(* Let $G$ be a group, $\{W_n\}$ a $C$-filling sequence of finite subsets of $G$, and $E\subseteq G$ finite. Suppose that for each $f\in E$ there is an index $n(f)$ such that $\frac{1}{|W_{n(f)}|}|W_{n(f)}f\cap E|\le\alpha$. Then \[ \frac{|E|}{|\bigcup_{f\in E}W_{n(f)}f|}\le\frac{\alpha}{C}. \]
   Context: A sequence $\{W_{n(i)}f_i\}_{i=1}^I$ of right translates is incremental if $n(1)\ge\dots\ge n(I)$ and $f_i\notin\bigcup_{j<i}W_{n(j)}f_j$ for each $i$. A sequence $\{W_n\}$ of finite subsets with $1_G\in W_n$ for all $n$ is $C$-filling if for every incremental sequence $|\bigcup_iW_{n(i)}f_i|\ge C\sum_i|W_{n(i)}f_i|$. *)

theory Defs
  imports Complex_Main
begin

text \<open>Groups are rendered via the type class group_add (not necessarily commutative);
  the group operation is written +, the identity 1_G is 0.\<close>

definition rtrans :: "'a::group_add set \<Rightarrow> 'a \<Rightarrow> 'a set" where
  "rtrans W f = (\<lambda>w. w + f) ` W"

definition incremental :: "(nat \<Rightarrow> 'a::group_add set) \<Rightarrow> nat \<Rightarrow> (nat \<Rightarrow> nat) \<Rightarrow> (nat \<Rightarrow> 'a) \<Rightarrow> bool" where
  "incremental W I nidx fidx \<longleftrightarrow>
     (\<forall>i j. i \<le> j \<longrightarrow> j < I \<longrightarrow> nidx j \<le> nidx i) \<and>
     (\<forall>i < I. fidx i \<notin> (\<Union>j<i. rtrans (W (nidx j)) (fidx j)))"

definition C_filling :: "(nat \<Rightarrow> 'a::group_add set) \<Rightarrow> real \<Rightarrow> bool" where
  "C_filling W C \<longleftrightarrow>
     (\<forall>n. finite (W n) \<and> 0 \<in> W n) \<and>
     (\<forall>I nidx fidx. incremental W I nidx fidx \<longrightarrow>
        real (card (\<Union>i<I. rtrans (W (nidx i)) (fidx i)))
          \<ge> C * (\<Sum>i<I. real (card (rtrans (W (nidx i)) (fidx i)))))"

end

theory Submission
  imports Defs
begin

text \<open>Greedy selection: run through E in order of decreasing n(f), keeping f whenever it is not
  covered by the translates kept so far. Because 1_G lies in every W_m, the kept translates
  W_{n(f_i)} f_i form an incremental sequence covering E, so
  |E| \<le> \<Sum>_i |W_{n(f_i)} f_i \<inter> E| \<le> \<alpha> \<Sum>_i |W_{n(f_i)} f_i|, and the filling property bounds the last
  sum by |\<Union>_i W_{n(f_i)} f_i| / C \<le> |\<Union>_{f\<in>E} W_{n(f)} f| / C.\<close>

lemma card_rtrans: "card (rtrans W f) = card W"
  unfolding rtrans_def by (rule card_image) (auto simp: inj_on_def)

lemma finite_rtrans: "finite W \<Longrightarrow> finite (rtrans W f)"
  unfolding rtrans_def by simp

lemma rtrans_self_mem: "0 \<in> W \<Longrightarrow> f \<in> rtrans W f"
  unfolding rtrans_def by force

lemma incremental_snoc:
  assumes inc: "incremental W I nidx fidx"
    and le: "\<forall>i<I. m \<le> nidx i"
    and new: "f \<notin> (\<Union>i<I. rtrans (W (nidx i)) (fidx i))"
  shows "incremental W (Suc I) (nidx(I := m)) (fidx(I := f))"
  unfolding incremental_def
proof (intro conjI allI impI)
  fix i j assume "i \<le> j" "j < Suc I"
  then show "(nidx(I := m)) j \<le> (nidx(I := m)) i"
    using inc le unfolding incremental_def by (cases "j = I"; cases "i = I") auto
next
  fix i assume "i < Suc I"
  then consider "i = I" | "i < I" by linarith
  then show "(fidx(I := f)) i \<notin> (\<Union>j<i. rtrans (W ((nidx(I := m)) j)) ((fidx(I := f)) j))"
    using inc new unfolding incremental_def by cases auto
qed

lemma incremental_cover_of_sorted_list:
  fixes W :: "nat \<Rightarrow> 'a::group_add set"
  assumes W0: "\<forall>m. 0 \<in> W m"
    and "sorted_wrt (\<lambda>a b. n b \<le> n a) xs"
  shows "\<exists>I nidx fidx. incremental W I nidx fidx
           \<and> (\<forall>i<I. fidx i \<in> set xs \<and> nidx i = n (fidx i))
           \<and> set xs \<subseteq> (\<Union>i<I. rtrans (W (nidx i)) (fidx i))"
  using assms(2)
proof (induction xs rule: rev_induct)
  case Nil
  show ?case by (rule exI[of _ 0]) (auto simp: incremental_def)
next
  case (snoc x xs)
  have "sorted_wrt (\<lambda>a b. n b \<le> n a) xs" and le: "\<forall>y\<in>set xs. n x \<le> n y"
    using snoc.prems by (auto simp: sorted_wrt_append)
  then obtain I nidx fidx where inc: "incremental W I nidx fidx"
    and sel: "\<forall>i<I. fidx i \<in> set xs \<and> nidx i = n (fidx i)"
    and cov: "set xs \<subseteq> (\<Union>i<I. rtrans (W (nidx i)) (fidx i))"
    using snoc.IH by blast
  show ?case
  proof (cases "x \<in> (\<Union>i<I. rtrans (W (nidx i)) (fidx i))")
    case True
    then show ?thesis using inc sel cov by (intro exI[of _ I] exI[of _ nidx] exI[of _ fidx]) auto
  next
    case False
    let ?nidx = "nidx(I := n x)" and ?fidx = "fidx(I := x)"
    have "incremental W (Suc I) ?nidx ?fidx"
      using incremental_snoc[OF inc _ False] sel le by auto
    moreover have "\<forall>i<Suc I. ?fidx i \<in> set (xs @ [x]) \<and> ?nidx i = n (?fidx i)"
      using sel by (auto simp: less_Suc_eq)
    moreover have "set (xs @ [x]) \<subseteq> (\<Union>i<Suc I. rtrans (W (?nidx i)) (?fidx i))"
    proof -
      have "x \<in> rtrans (W (?nidx I)) (?fidx I)"
        using W0 by (simp add: rtrans_self_mem)
      moreover have "(\<Union>i<I. rtrans (W (nidx i)) (fidx i))
                       \<subseteq> (\<Union>i<Suc I. rtrans (W (?nidx i)) (?fidx i))"
        by (force simp: less_Suc_eq)
      ultimately show ?thesis using cov by auto
    qed
    ultimately show ?thesis by blast
  qed
qed

lemma incremental_cover:
  fixes W :: "nat \<Rightarrow> 'a::group_add set"
  assumes "\<forall>m. 0 \<in> W m" and "finite E"
  obtains I nidx fidx where "incremental W I nidx fidx"
    and "\<forall>i<I. fidx i \<in> E \<and> nidx i = n (fidx i)"
    and "E \<subseteq> (\<Union>i<I. rtrans (W (nidx i)) (fidx i))"
proof -
  obtain ys where ys: "set ys = E" using finite_list[OF assms(2)] by blast
  have "sorted_wrt (\<lambda>a b. n b \<le> n a) (rev (sort_key n ys))"
    using sorted_sort_key[of n ys] by (simp add: sorted_wrt_rev sorted_map)
  from incremental_cover_of_sorted_list[OF assms(1) this] ys
  show ?thesis using that by auto
qed

lemma card_le_density_sum:
  assumes "finite I" and "finite E" and cov: "E \<subseteq> (\<Union>i\<in>I. A i)"
    and dens: "\<And>i. i \<in> I \<Longrightarrow> real (card (A i \<inter> E)) \<le> \<alpha> * real (card (A i))"
  shows "real (card E) \<le> \<alpha> * (\<Sum>i\<in>I. real (card (A i)))"
proof -
  have "E = (\<Union>i\<in>I. A i \<inter> E)" using cov by auto
  then have "card E \<le> (\<Sum>i\<in>I. card (A i \<inter> E))"
    by (metis card_UN_le \<open>finite I\<close>)
  then have "real (card E) \<le> (\<Sum>i\<in>I. real (card (A i \<inter> E)))"
    by (metis of_nat_le_iff of_nat_sum)
  also have "\<dots> \<le> (\<Sum>i\<in>I. \<alpha> * real (card (A i)))"
    by (rule sum_mono) (rule dens)
  finally show ?thesis by (simp add: sum_distrib_left)
qed

lemma C_filling_card_pos: "C_filling W C \<Longrightarrow> 0 < card (W m)"
  unfolding C_filling_def by (metis card_gt_0_iff empty_iff)

lemma card_le_filling_union:
  assumes "C_filling W C" and "0 < C" and "0 \<le> \<alpha>"
    and inc: "incremental W I nidx fidx" and "finite E"
    and cov: "E \<subseteq> (\<Union>i<I. rtrans (W (nidx i)) (fidx i))"
    and dens: "\<And>i. i < I \<Longrightarrow>
      real (card (rtrans (W (nidx i)) (fidx i) \<inter> E)) \<le> \<alpha> * real (card (W (nidx i)))"
  shows "C * real (card E) \<le> \<alpha> * real (card (\<Union>i<I. rtrans (W (nidx i)) (fidx i)))"
proof -
  let ?S = "\<Sum>i<I. real (card (rtrans (W (nidx i)) (fidx i)))"
  have "real (card E) \<le> \<alpha> * ?S"
    using card_le_density_sum[OF _ \<open>finite E\<close> cov] dens by (simp add: card_rtrans)
  then have "C * real (card E) \<le> \<alpha> * (C * ?S)"
    using \<open>0 < C\<close> by (simp add: algebra_simps)
  also have "\<dots> \<le> \<alpha> * real (card (\<Union>i<I. rtrans (W (nidx i)) (fidx i)))"
    using assms(1) inc \<open>0 \<le> \<alpha>\<close> by (intro mult_left_mono) (simp_all add: C_filling_def)
  finally show ?thesis .
qed

theorem lemma3p1:
  fixes W :: "nat \<Rightarrow> 'a::group_add set" and C \<alpha> :: real
    and E :: "'a set" and n :: "'a \<Rightarrow> nat"
  assumes "C_filling W C" and "0 < C"
    and "finite E" and "E \<noteq> {}"
    and "\<forall>f\<in>E. real (card (rtrans (W (n f)) f \<inter> E)) / real (card (W (n f))) \<le> \<alpha>"
  shows "real (card E) / real (card (\<Union>f\<in>E. rtrans (W (n f)) f)) \<le> \<alpha> / C"
proof -
  let ?U = "\<Union>f\<in>E. rtrans (W (n f)) f"
  have finW: "\<And>m. finite (W m)" and W0: "\<forall>m. 0 \<in> W m"
    using assms(1) by (auto simp: C_filling_def)
  note card_W_pos = C_filling_card_pos[OF assms(1)]
  have dens: "real (card (rtrans (W (n f)) f \<inter> E)) \<le> \<alpha> * real (card (W (n f)))" if "f \<in> E" for f
    using assms(5) that card_W_pos by (simp add: pos_divide_le_eq mult.commute)
  have "0 \<le> \<alpha>"
  proof -
    obtain f where "f \<in> E" using assms(4) by blast
    then have "0 \<le> \<alpha> * real (card (W (n f)))" using dens of_nat_0_le_iff order_trans by blast
    then show ?thesis using card_W_pos[of "n f"] by (simp add: zero_le_mult_iff)
  qed
  obtain I nidx fidx where inc: "incremental W I nidx fidx"
    and sel: "\<forall>i<I. fidx i \<in> E \<and> nidx i = n (fidx i)"
    and cov: "E \<subseteq> (\<Union>i<I. rtrans (W (nidx i)) (fidx i))"
    using incremental_cover[OF W0 assms(3)] by blast
  have "C * real (card E) \<le> \<alpha> * real (card (\<Union>i<I. rtrans (W (nidx i)) (fidx i)))"
    using card_le_filling_union[OF assms(1,2) \<open>0 \<le> \<alpha>\<close> inc assms(3) cov] sel dens by simp
  also have "\<dots> \<le> \<alpha> * real (card ?U)"
  proof -
    have "(\<Union>i<I. rtrans (W (nidx i)) (fidx i)) \<subseteq> ?U" using sel by auto
    then have "card (\<Union>i<I. rtrans (W (nidx i)) (fidx i)) \<le> card ?U"
      using assms(3) finW by (intro card_mono) (auto simp: finite_rtrans)
    then show ?thesis using \<open>0 \<le> \<alpha>\<close> by (simp add: mult_left_mono)
  qed
  finally have "C * real (card E) \<le> \<alpha> * real (card ?U)" .
  moreover have "0 < card ?U"
    using W0 assms(3,4) finW rtrans_self_mem by (fastforce simp: card_gt_0_iff finite_rtrans)
  ultimately show ?thesis
    using assms(2) by (simp add: divide_le_eq pos_le_divide_eq mult.commute)
qed

end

AIM OF THE EXERCISE
Whenever "metis" occurs in a line of the entries, copy that line.

RESULT BELOW
    by (metis card_UN_le \<open>finite I\<close>)
    by (metis of_nat_le_iff of_nat_sum)
  unfolding C_filling_def by (metis card_gt_0_iff empty_iff)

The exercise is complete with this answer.